Continuous Fair SMOTE -- Fairness-Aware Stream Learning from Imbalanced Data
This addresses fairness and class imbalance issues in evolving data streams for applications like online decision-making, though it is incremental as it builds on existing SMOTE methods.
The authors tackled the problem of ensuring fairness and handling class imbalance in online machine learning data streams by proposing CFSMOTE, a fairness-aware variant of SMOTE. The result showed significant improvements in group fairness metrics compared to vanilla C-SMOTE while maintaining competitive performance.

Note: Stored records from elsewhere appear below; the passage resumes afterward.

lemma hyp1F2_eq_pcos: "hyp1F2 1 (b / 2) ((b + 1) / 2) (- (t^2) / 4) = pcos b t"
proof -
  have "(\<lambda>n. pcos_coeff b (2 * n) * t^(2 * n)) sums pcos b t"
  proof (subst sums_mono_reindex[OF strict_monoI, of "\<lambda>n. 2 * n"])
    fix n :: nat
    assume "n \<notin> range (\<lambda>n. 2 * n)"
    then have "odd n" by (metis dvdE rangeI)
    then show "pcos_coeff b n * t^n = 0" by (simp add: pcos_coeff_def)
  qed (simp_all add: pcos_sums)
  moreover have "pcos_coeff b (2 * n) * t^(2 * n) =
     pochhammer 1 n / (pochhammer (b / 2) n * pochhammer ((b + 1) / 2) n) * (- (t^2) / 4)^n / fact n" for n
  proof -
    have "pochhammer b (2 * n) = 4^n * pochhammer (b / 2) n * pochhammer ((b + 1) / 2) n"
      using pochhammer_double[of "b / 2" n] by (simp add: add_divide_distrib power_mult)
    moreover have "(- (t^2) / 4)^n = (-1)^n * t^(2 * n) / 4^n"
      by (simp add: power_mult power_mult_distrib[of "-1", symmetric] flip: power_divide)
    ultimately show ?thesis by (simp add: pcos_coeff_def pochhammer_fact[symmetric])
  qed
  ultimately show ?thesis
    unfolding hyp1F2_def by (simp only:) (rule sums_unique[symmetric])
qed

lemma lommel_s_half_eq_pcos:
  "lommel_s (b - 5/2) (1/2) z = z powr (b - 3/2) / ((b - 2) * (b - 1)) * pcos b z"
proof -
  have "(b - 5/2 - 1/2 + 3) / 2 = b / 2" "(b - 5/2 + 1/2 + 3) / 2 = (b + 1) / 2"
       "b - 5/2 - 1/2 + 1 = b - 2" "b - 5/2 + 1/2 + 1 = b - 1" "b - 5/2 + 1 = b - 3/2"
    by simp_all
  then show ?thesis unfolding lommel_s_def by (simp only: hyp1F2_eq_pcos)
qed

lemma powser_has_real_derivative_times:
  fixes a :: "nat \<Rightarrow> real"
  assumes "\<And>t. summable (\<lambda>k. a k * t^k)"
  obtains D where "((\<lambda>t. \<Sum>k. a k * t^k) has_real_derivative D) (at t)"
    and "(\<lambda>n. real (Suc n) * a (Suc n) * t^Suc n) sums (t * D)"
proof
  show "((\<lambda>t. \<Sum>k. a k * t^k) has_real_derivative (\<Sum>n. diffs a n * t^n)) (at t)"
    by (rule termdiffs_strong_converges_everywhere[OF assms])
  show "(\<lambda>n. real (Suc n) * a (Suc n) * t^Suc n) sums (t * (\<Sum>n. diffs a n * t^n))"
    using sums_mult[OF summable_sums[OF termdiff_converges_all[OF assms]], of t]
    by (simp add: diffs_def mult_ac)
qed

lemma pcos_coeff_Suc:
  assumes "b + real n \<noteq> 0"
  shows "(b + real n) * pcos_coeff b (Suc n) = - psin_coeff b n"
  using assms by (auto simp: pcos_coeff_def psin_coeff_def pochhammer_rec' elim!: oddE)

lemma psin_coeff_Suc:
  assumes "b + real n \<noteq> 0"
  shows "(b + real n) * psin_coeff b (Suc n) = pcos_coeff b n"
  using assms by (auto simp: pcos_coeff_def psin_coeff_def pochhammer_rec' elim!: evenE)

lemma pcos_has_real_derivative:
  assumes "\<And>n. b + real n \<noteq> 0"
  obtains D where "(pcos b has_real_derivative D) (at t)"
    and "t * D = (1 - b) * (pcos b t - 1) - t * psin b t"
proof -
  obtain D where D: "(pcos b has_real_derivative D) (at t)"
    and sums_D: "(\<lambda>n. real (Suc n) * pcos_coeff b (Suc n) * t^Suc n) sums (t * D)"
    using powser_has_real_derivative_times[OF summable_pcos_coeff]
    unfolding pcos_def[abs_def] by blast
  have "real (Suc n) * pcos_coeff b (Suc n) * t^Suc n
        = (1 - b) * (pcos_coeff b (Suc n) * t^Suc n) - t * (psin_coeff b n * t^n)" for n
  proof -
    have "real (Suc n) * pcos_coeff b (Suc n) * t^Suc n
          = (1 - b) * (pcos_coeff b (Suc n) * t^Suc n) + t * t^n * ((b + real n) * pcos_coeff b (Suc n))"
      by (simp add: algebra_simps)
    then show ?thesis unfolding pcos_coeff_Suc[OF assms] by simp
  qed
  moreover have "(\<lambda>n. pcos_coeff b (Suc n) * t^Suc n) sums (pcos b t - 1)"
    using pcos_sums[of b t] by (subst sums_Suc_iff) (simp add: pcos_coeff_def)
  ultimately have "(\<lambda>n. real (Suc n) * pcos_coeff b (Suc n) * t^Suc n)
                   sums ((1 - b) * (pcos b t - 1) - t * psin b t)"
    by (simp only:) (intro sums_diff sums_mult psin_sums)
  with D sums_D show thesis by (metis sums_unique2 that)
qed

lemma psin_has_real_derivative:
  assumes "\<And>n. b + real n \<noteq> 0"
  obtains D where "(psin b has_real_derivative D) (at t)"
    and "t * D = (1 - b) * psin b t + t * pcos b t"
proof -
  obtain D where D: "(psin b has_real_derivative D) (at t)"
    and sums_D: "(\<lambda>n. real (Suc n) * psin_coeff b (Suc n) * t^Suc n) sums (t * D)"
    using powser_has_real_derivative_times[OF summable_psin_coeff]
    unfolding psin_def[abs_def] by blast
  have "real (Suc n) * psin_coeff b (Suc n) * t^Suc n
        = (1 - b) * (psin_coeff b (Suc n) * t^Suc n) + t * (pcos_coeff b n * t^n)" for n
  proof -
    have "real (Suc n) * psin_coeff b (Suc n) * t^Suc n
          = (1 - b) * (psin_coeff b (Suc n) * t^Suc n) + t * t^n * ((b + real n) * psin_coeff b (Suc n))"
      by (simp add: algebra_simps)
    then show ?thesis unfolding psin_coeff_Suc[OF assms] by simp
  qed
  moreover have "(\<lambda>n. psin_coeff b (Suc n) * t^Suc n) sums psin b t"
    using psin_sums[of b t] by (subst sums_Suc_iff) (simp add: psin_coeff_def)
  ultimately have "(\<lambda>n. real (Suc n) * psin_coeff b (Suc n) * t^Suc n)
                   sums ((1 - b) * psin b t + t * pcos b t)"
    by (simp only:) (intro sums_add sums_mult pcos_sums)
  with D sums_D show thesis by (metis sums_unique2 that)
qed

lemma isCont_pcos: "isCont (pcos b) t"
proof -
  obtain D where "(pcos b has_real_derivative D) (at t)"
    using powser_has_real_derivative_times[OF summable_pcos_coeff]
    unfolding pcos_def[abs_def] by blast
  then show ?thesis by (rule DERIV_isCont)
qed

As machine learning is increasingly applied in an online fashion to deal with evolving data streams, the fairness of these algorithms is a matter of growing ethical and legal concern. In many use cases, class imbalance in the data also needs to be dealt with to ensure predictive performance. Current fairness-aware stream learners typically attempt to solve these issues through in- or post-processing by focusing on optimizing one specific discrimination metric, addressing class imbalance in a separate processing step. While C-SMOTE is a highly effective model-agnostic pre-processing approach to mitigate class imbalance, as a side effect of this method, algorithmic bias is often introduced. Therefore, we propose CFSMOTE - a fairness-aware, continuous SMOTE variant - as a pre-processing approach to simultaneously address the class imbalance and fairness concerns by employing situation testing and balancing fairness-relevant groups during oversampling. Unlike other fairness-aware stream learners, CFSMOTE is not optimizing for only one specific fairness metric, therefore avoiding potentially problematic trade-offs. Our experiments show significant improvement on several common group fairness metrics in comparison to vanilla C-SMOTE while maintaining competitive performance, also in comparison to other fairness-aware algorithms.